Beneath this line are the data; copy exactly the part of them that opens with the line containing "f j y \<ge>" and closes with the line containing "obtain r where", and only that part.
----
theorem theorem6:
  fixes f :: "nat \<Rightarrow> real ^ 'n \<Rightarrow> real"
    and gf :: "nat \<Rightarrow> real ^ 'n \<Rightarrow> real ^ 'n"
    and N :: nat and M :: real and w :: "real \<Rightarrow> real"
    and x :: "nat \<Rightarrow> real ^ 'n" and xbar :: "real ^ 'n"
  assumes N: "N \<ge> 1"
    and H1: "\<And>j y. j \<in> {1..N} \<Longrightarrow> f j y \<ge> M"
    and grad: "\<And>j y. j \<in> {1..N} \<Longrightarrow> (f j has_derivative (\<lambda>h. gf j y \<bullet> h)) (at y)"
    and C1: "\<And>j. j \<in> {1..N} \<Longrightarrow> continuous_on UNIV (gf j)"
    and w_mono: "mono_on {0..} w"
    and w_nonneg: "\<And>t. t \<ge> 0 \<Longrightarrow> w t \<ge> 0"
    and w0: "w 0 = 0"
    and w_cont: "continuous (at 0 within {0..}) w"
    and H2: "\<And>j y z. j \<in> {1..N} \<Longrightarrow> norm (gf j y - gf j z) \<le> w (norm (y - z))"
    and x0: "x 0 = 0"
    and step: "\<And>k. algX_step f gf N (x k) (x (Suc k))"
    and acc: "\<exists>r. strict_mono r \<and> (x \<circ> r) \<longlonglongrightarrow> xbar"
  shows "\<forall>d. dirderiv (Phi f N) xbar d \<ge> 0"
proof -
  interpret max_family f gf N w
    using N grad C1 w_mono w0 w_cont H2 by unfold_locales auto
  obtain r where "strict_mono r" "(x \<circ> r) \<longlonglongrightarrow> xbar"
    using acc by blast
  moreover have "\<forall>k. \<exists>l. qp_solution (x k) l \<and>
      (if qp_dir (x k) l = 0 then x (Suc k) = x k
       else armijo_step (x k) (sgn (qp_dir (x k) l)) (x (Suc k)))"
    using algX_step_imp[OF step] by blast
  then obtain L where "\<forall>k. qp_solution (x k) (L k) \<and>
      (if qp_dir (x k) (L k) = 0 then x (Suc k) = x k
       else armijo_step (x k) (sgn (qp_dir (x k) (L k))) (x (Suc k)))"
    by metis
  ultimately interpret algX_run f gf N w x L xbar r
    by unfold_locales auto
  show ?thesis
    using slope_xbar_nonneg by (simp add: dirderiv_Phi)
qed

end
----
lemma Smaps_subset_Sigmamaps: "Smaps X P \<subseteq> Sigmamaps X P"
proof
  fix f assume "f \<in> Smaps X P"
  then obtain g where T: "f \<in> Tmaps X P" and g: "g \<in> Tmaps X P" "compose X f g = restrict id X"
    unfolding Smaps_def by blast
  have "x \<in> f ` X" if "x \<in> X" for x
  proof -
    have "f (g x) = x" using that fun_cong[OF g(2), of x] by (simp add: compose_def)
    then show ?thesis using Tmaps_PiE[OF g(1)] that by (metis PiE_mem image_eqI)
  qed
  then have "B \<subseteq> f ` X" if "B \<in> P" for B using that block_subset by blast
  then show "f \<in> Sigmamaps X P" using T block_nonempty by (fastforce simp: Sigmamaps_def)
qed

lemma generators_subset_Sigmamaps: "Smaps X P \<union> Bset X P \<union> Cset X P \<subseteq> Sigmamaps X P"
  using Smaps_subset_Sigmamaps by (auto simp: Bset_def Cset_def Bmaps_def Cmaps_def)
----
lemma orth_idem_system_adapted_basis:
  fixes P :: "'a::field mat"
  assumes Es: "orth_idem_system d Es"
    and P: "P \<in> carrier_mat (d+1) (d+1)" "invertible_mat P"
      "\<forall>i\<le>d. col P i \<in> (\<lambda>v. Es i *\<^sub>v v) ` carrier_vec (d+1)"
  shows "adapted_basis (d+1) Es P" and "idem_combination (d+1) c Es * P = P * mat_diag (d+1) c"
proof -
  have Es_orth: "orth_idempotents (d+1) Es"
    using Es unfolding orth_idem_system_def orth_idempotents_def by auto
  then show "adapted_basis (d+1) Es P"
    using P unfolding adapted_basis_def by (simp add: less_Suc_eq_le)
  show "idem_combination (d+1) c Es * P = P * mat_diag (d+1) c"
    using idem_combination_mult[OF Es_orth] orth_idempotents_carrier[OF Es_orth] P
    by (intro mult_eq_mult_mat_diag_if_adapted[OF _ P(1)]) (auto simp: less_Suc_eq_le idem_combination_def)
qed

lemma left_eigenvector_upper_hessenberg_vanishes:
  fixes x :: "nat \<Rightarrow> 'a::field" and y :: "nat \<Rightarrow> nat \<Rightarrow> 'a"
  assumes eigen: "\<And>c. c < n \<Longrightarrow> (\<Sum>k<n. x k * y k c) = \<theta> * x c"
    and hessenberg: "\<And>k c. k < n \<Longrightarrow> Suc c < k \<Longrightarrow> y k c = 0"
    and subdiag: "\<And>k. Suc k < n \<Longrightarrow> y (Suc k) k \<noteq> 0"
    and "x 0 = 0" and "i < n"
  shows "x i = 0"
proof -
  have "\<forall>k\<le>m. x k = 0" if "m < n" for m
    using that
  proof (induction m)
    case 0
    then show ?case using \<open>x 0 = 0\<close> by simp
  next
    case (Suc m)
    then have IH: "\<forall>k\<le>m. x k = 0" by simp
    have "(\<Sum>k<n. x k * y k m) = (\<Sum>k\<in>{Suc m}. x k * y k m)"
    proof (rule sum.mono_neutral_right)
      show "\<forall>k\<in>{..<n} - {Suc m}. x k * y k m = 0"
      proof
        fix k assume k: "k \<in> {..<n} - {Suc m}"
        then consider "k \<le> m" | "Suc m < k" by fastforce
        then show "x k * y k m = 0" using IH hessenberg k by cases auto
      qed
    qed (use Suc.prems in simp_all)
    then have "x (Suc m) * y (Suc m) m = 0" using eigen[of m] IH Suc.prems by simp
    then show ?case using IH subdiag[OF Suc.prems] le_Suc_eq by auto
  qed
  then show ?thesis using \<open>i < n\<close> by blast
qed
----
- [Result of this exercise]
    and H1: "\<And>j y. j \<in> {1..N} \<Longrightarrow> f j y \<ge> M"
    and grad: "\<And>j y. j \<in> {1..N} \<Longrightarrow> (f j has_derivative (\<lambda>h. gf j y \<bullet> h)) (at y)"
    and C1: "\<And>j. j \<in> {1..N} \<Longrightarrow> continuous_on UNIV (gf j)"
    and w_mono: "mono_on {0..} w"
    and w_nonneg: "\<And>t. t \<ge> 0 \<Longrightarrow> w t \<ge> 0"
    and w0: "w 0 = 0"
    and w_cont: "continuous (at 0 within {0..}) w"
    and H2: "\<And>j y z. j \<in> {1..N} \<Longrightarrow> norm (gf j y - gf j z) \<le> w (norm (y - z))"
    and x0: "x 0 = 0"
    and step: "\<And>k. algX_step f gf N (x k) (x (Suc k))"
    and acc: "\<exists>r. strict_mono r \<and> (x \<circ> r) \<longlonglongrightarrow> xbar"
  shows "\<forall>d. dirderiv (Phi f N) xbar d \<ge> 0"
proof -
  interpret max_family f gf N w
    using N grad C1 w_mono w0 w_cont H2 by unfold_locales auto
  obtain r where "strict_mono r" "(x \<circ> r) \<longlonglongrightarrow> xbar"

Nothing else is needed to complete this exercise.